The Criminal Court on Ratchadaphisek Rd., Bangkok, on 11 May 2017, renewed the detention period for Prawet Praphanukul, a human rights lawyer accused of violating Articles 112 and 116 of the Criminal Code, the lèse majesté law and the sedition law.

The defence lawyer representing Prawet submitted a bail request with the position of a university lecturer friend of Prawet, valued at about 680,000 baht, as guarantee. However, the court denied bail citing flight risk, severity of the charge, and the possibility that the suspect might interfere with evidence.

The court dismissed Prawet’s argument that he has to act as a lawyer in many ongoing cases and that under Article 14(1) of the International Covenant on Civil and Political Rights and Article 11(1) of the Universal Declaration of Human Rights, everyone charged with a penal offence has the right to be presumed innocent until proved guilty according to law in a public trial at which he has had all the guarantees necessary for his defence.   

Prawet is one of six people arrested by police and military officers on 29 April 2017 before being taken to the 11th Military Circle in Bangkok.  
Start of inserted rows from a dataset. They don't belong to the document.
(* Let $\Omega=\mathbb T^2$, $\omega,\nu\in(0,1)$, $T>0$, and let $\vec u^o:\Omega\times[0,T]\to\mathbb R^2$ be a given smooth velocity field (in particular $\operatorname{div}\vec u^o\in L^1(0,T;L^\infty(\Omega))$). Let $(h_m,A_m)$ be a sufficiently regular (e.g. classical) solution on $[0,T]$ of the transport system $$\partial_t h_m+\operatorname{div}(h_m\vec u^o)=\mathcal S_{h_m,\omega,\nu},\qquad \partial_tA_m+\operatorname{div}(A_m\vec u^o)=\mathcal S_{A_m,\omega,\nu}+A_m\operatorname{div}\vec u^o\cdot\chi^\omega_{A_m},$$ with initial data $A_m(0)=A_{\rm in}$ satisfying $0\le A_{\rm in}\le1$. Then $0\le A_m(t)\le 1$ on $\Omega$ for all $t\in[0,T]$.
   Context: $\psi^+=\max\{\psi,0\}$, $\psi^-=\psi^+-\psi$. $f:\mathbb R\to\mathbb R$ is a bounded smooth function with $\underline f\le f\le\overline f$, $h_0>0$ a constant. For functions $h,A$: $$\chi^\nu_h=\frac{h^+}{h^++\nu},\qquad \mathcal S_{h,\omega,\nu}=\big[f(h^+/(A^++\omega))A+(1-A)f(0)\big]\chi^\nu_h,$$ $$\mathcal S_{A,\omega,\nu}=\frac{(f(0))^+}{h_0+\nu}(1-A)-\frac{A}{2h^++\nu}\cdot\frac{\sqrt{|\mathcal S_{h,\omega,\nu}|^2+\omega^2}-\mathcal S_{h,\omega,\nu}}{2},\qquad \chi^\omega_A=1-\frac{(1-A)^+}{(1-A)^++\omega}.$$ In the system, $\mathcal S_{h_m,\omega,\nu}$, $\mathcal S_{A_m,\omega,\nu}$, $\chi^\omega_{A_m}$ mean these expressions evaluated at $(h,A)=(h_m,A_m)$. *)

theory Defs
  imports "HOL-Analysis.Analysis"
begin

definition ppart :: "real \<Rightarrow> real" where
  "ppart x = max x 0"

definition chi_h :: "real \<Rightarrow> real \<Rightarrow> real" where
  "chi_h \<nu> h = ppart h / (ppart h + \<nu>)"

definition S_h :: "(real \<Rightarrow> real) \<Rightarrow> real \<Rightarrow> real \<Rightarrow> real \<Rightarrow> real \<Rightarrow> real" where
  "S_h f \<omega> \<nu> h A =
     (f (ppart h / (ppart A + \<omega>)) * A + (1 - A) * f 0) * chi_h \<nu> h"

definition S_A :: "(real \<Rightarrow> real) \<Rightarrow> real \<Rightarrow> real \<Rightarrow> real \<Rightarrow> real \<Rightarrow> real \<Rightarrow> real" where
  "S_A f h0 \<omega> \<nu> h A =
     ppart (f 0) / (h0 + \<nu>) * (1 - A)
     - A / (2 * ppart h + \<nu>) *
       ((sqrt ((S_h f \<omega> \<nu> h A)\<^sup>2 + \<omega>\<^sup>2) - S_h f \<omega> \<nu> h A) / 2)"

definition chi_A :: "real \<Rightarrow> real \<Rightarrow> real" where
  "chi_A \<omega> A = 1 - ppart (1 - A) / (ppart (1 - A) + \<omega>)"

text \<open>Functions on the torus T^2 are represented as functions on R^2 that are
  1-periodic in both space variables.\<close>
definition periodic2 :: "(real \<Rightarrow> real \<Rightarrow> real \<Rightarrow> real) \<Rightarrow> bool" where
  "periodic2 F \<longleftrightarrow> (\<forall>x y t. F (x + 1) y t = F x y t \<and> F x (y + 1) t = F x y t)"

definition C1_slab :: "real \<Rightarrow> (real \<Rightarrow> real \<Rightarrow> real \<Rightarrow> real) \<Rightarrow> bool" where
  "C1_slab T F \<longleftrightarrow> (\<exists>Fx Fy Ft.
     (\<forall>x y t. t \<in> {0..T} \<longrightarrow>
        ((\<lambda>s. F s y t) has_real_derivative Fx x y t) (at x) \<and>
        ((\<lambda>s. F x s t) has_real_derivative Fy x y t) (at y) \<and>
        ((\<lambda>s. F x y s) has_real_derivative Ft x y t) (at t within {0..T})) \<and>
     continuous_on (UNIV \<times> UNIV \<times> {0..T}) (\<lambda>(x, y, t). F x y t) \<and>
     continuous_on (UNIV \<times> UNIV \<times> {0..T}) (\<lambda>(x, y, t). Fx x y t) \<and>
     continuous_on (UNIV \<times> UNIV \<times> {0..T}) (\<lambda>(x, y, t). Fy x y t) \<and>
     continuous_on (UNIV \<times> UNIV \<times> {0..T}) (\<lambda>(x, y, t). Ft x y t))"

definition dt :: "real \<Rightarrow> (real \<Rightarrow> real \<Rightarrow> real \<Rightarrow> real) \<Rightarrow> real \<Rightarrow> real \<Rightarrow> real \<Rightarrow> real" where
  "dt T F x y t = (THE D. ((\<lambda>s. F x y s) has_real_derivative D) (at t within {0..T}))"

definition div2 :: "(real \<Rightarrow> real \<Rightarrow> real \<Rightarrow> real) \<Rightarrow> (real \<Rightarrow> real \<Rightarrow> real \<Rightarrow> real)
                     \<Rightarrow> real \<Rightarrow> real \<Rightarrow> real \<Rightarrow> real" where
  "div2 P Q x y t = deriv (\<lambda>s. P s y t) x + deriv (\<lambda>s. Q x s t) y"

end

theory Submission
  imports Defs
begin

text \<open>A maximum principle. Where \<open>A < 0\<close> the source \<open>S_A\<close> is positive, and where \<open>A > 1\<close> it
  is negative while \<open>\<chi>\<^sup>\<omega>\<^sub>A = 1\<close> cancels the compression term \<open>A div u\<close>. At a spatial extremum the
  transport terms \<open>u \<cdot> \<nabla>A\<close> vanish, so at a first exit from \<open>[0,1]\<close> the sign of \<open>\<partial>\<^sub>t A\<close>
  would be wrong. Below \<open>0\<close> the remaining term \<open>A div u (\<chi>\<^sup>\<omega>\<^sub>A - 1)\<close> is only bounded by
  \<open>K |A|\<close> with \<open>K \<ge> |div u|\<close>, which the weight \<open>e\<^sup>-\<^sup>K\<^sup>t\<close> absorbs. Periodicity makes the
  space domain compact, so the extrema exist.\<close>

lemma periodic2_shift_int:
  assumes "periodic2 F"
  shows "F (x + of_int m) (y + of_int n) t = F x y t"
proof -
  have step: "F (x + 1) y t = F x y t" "F x (y + 1) t = F x y t" for x y
    using assms by (simp_all add: periodic2_def)
  have x: "F (x + of_int m) y t = F x y t" for x y
  proof (induction m rule: int_induct[where k = 0])
    case (step1 i) then show ?case using step(1)[of "x + of_int i"] by (simp add: add.assoc)
  next
    case (step2 i) then show ?case using step(1)[of "x + of_int i - 1"] by (simp add: algebra_simps)
  qed simp
  have y: "F x (y + of_int n) t = F x y t" for x y
  proof (induction n rule: int_induct[where k = 0])
    case (step1 i) then show ?case using step(2)[of x "y + of_int i"] by (simp add: add.assoc)
  next
    case (step2 i) then show ?case using step(2)[of x "y + of_int i - 1"] by (simp add: algebra_simps)
  qed simp
  show ?thesis using x y by simp
qed

lemma periodic2_frac:
  assumes "periodic2 F"
  shows "F (frac x) (frac y) t = F x y t"
  using periodic2_shift_int[OF assms, of "frac x" "\<lfloor>x\<rfloor>" "frac y" "\<lfloor>y\<rfloor>"]
  by (simp add: frac_def)

lemma deriv_shift_periodic:
  assumes "\<And>s. g (s + 1) = g s"
  shows "deriv g (x + 1) = deriv (g :: real \<Rightarrow> real) x"
  unfolding deriv_def DERIV_shift assms ..

lemma periodic2_div2:
  assumes "periodic2 P" "periodic2 Q"
  shows "periodic2 (div2 P Q)"
proof -
  have "deriv (\<lambda>s. P s y t) (x + 1) = deriv (\<lambda>s. P s y t) x"
       "deriv (\<lambda>s. Q x s t) (y + 1) = deriv (\<lambda>s. Q x s t) y" for x y t
    using assms by (intro deriv_shift_periodic; simp add: periodic2_def)+
  moreover have "(\<lambda>s. Q (x + 1) s t) = (\<lambda>s. Q x s t)" "(\<lambda>s. P s (y + 1) t) = (\<lambda>s. P s y t)" for x y t
    using assms by (simp_all add: periodic2_def)
  ultimately show ?thesis by (simp add: periodic2_def div2_def)
qed

lemma periodic2_attains_min:
  assumes "periodic2 F" "0 \<le> T"
    and "continuous_on (UNIV \<times> UNIV \<times> {0..T}) (\<lambda>(x, y, t). F x y t)"
  obtains p q s where "s \<in> {0..T}" "\<And>x y t. t \<in> {0..T} \<Longrightarrow> F p q s \<le> F x y t"
proof -
  let ?K = "{0..1::real} \<times> {0..1::real} \<times> {0..T}"
  have "compact ?K" "?K \<noteq> {}"
    using assms(2) by (auto intro: compact_Times)
  moreover have "continuous_on ?K (\<lambda>(x, y, t). F x y t)"
    using assms(3) by (rule continuous_on_subset) auto
  ultimately obtain z where z: "z \<in> ?K"
    and min: "\<forall>w \<in> ?K. (\<lambda>(x, y, t). F x y t) z \<le> (\<lambda>(x, y, t). F x y t) w"
    by (metis continuous_attains_inf)
  obtain p q s where pqs: "z = (p, q, s)" by (cases z)
  have "F p q s \<le> F x y t" if "t \<in> {0..T}" for x y t
  proof -
    have "(frac x, frac y, t) \<in> ?K"
      using that by (auto simp: frac_lt_1 less_imp_le)
    then have "F p q s \<le> F (frac x) (frac y) t"
      using min by (auto simp: pqs)
    then show ?thesis by (simp add: periodic2_frac[OF assms(1)])
  qed
  moreover have "s \<in> {0..T}" using z pqs by simp
  ultimately show thesis using that by blast
qed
They are accused of lèse majesté and violations of the Computer Crime Act for sharing a Facebook post about the missing 1932 revolution plaque by Somsak Jeamteerasakul, an academic currently living in self-imposed exile in France.

The others are: Saran, a 54-year-old university lecturer, Chatchawan, a 24-year-old law student, Danai, a 34-year-old man from Chiang Mai, Wanchai, a 42-year-old man, and Panit, a 26-year-old secondary school teacher. The surnames of the five are withheld due to privacy concerns.

Prawet and Danai are the only ones also accused of sedition.

According to Thai Lawyers for Human Rights, Prawet allegedly posted Facebook comments that Thailand should become a republic.

The maximum penalties for Prawet for all counts of lèse majesté and sedition add up to 157 years in prison.  Under Thailand’s Criminal Code, however, the maximum total jail term other than life imprisonment is 50 years.

Prawet was a defence lawyer for Daranee Charnchoengsilpakul, aka Da Torpedo, an anti-establishment red shirt who was imprisoned for eight years for making public speeches deemed defamatory to the Thai monarchy in 2008.

He has often posted messages critical of the Thai military government and the use of the lèse majesté law.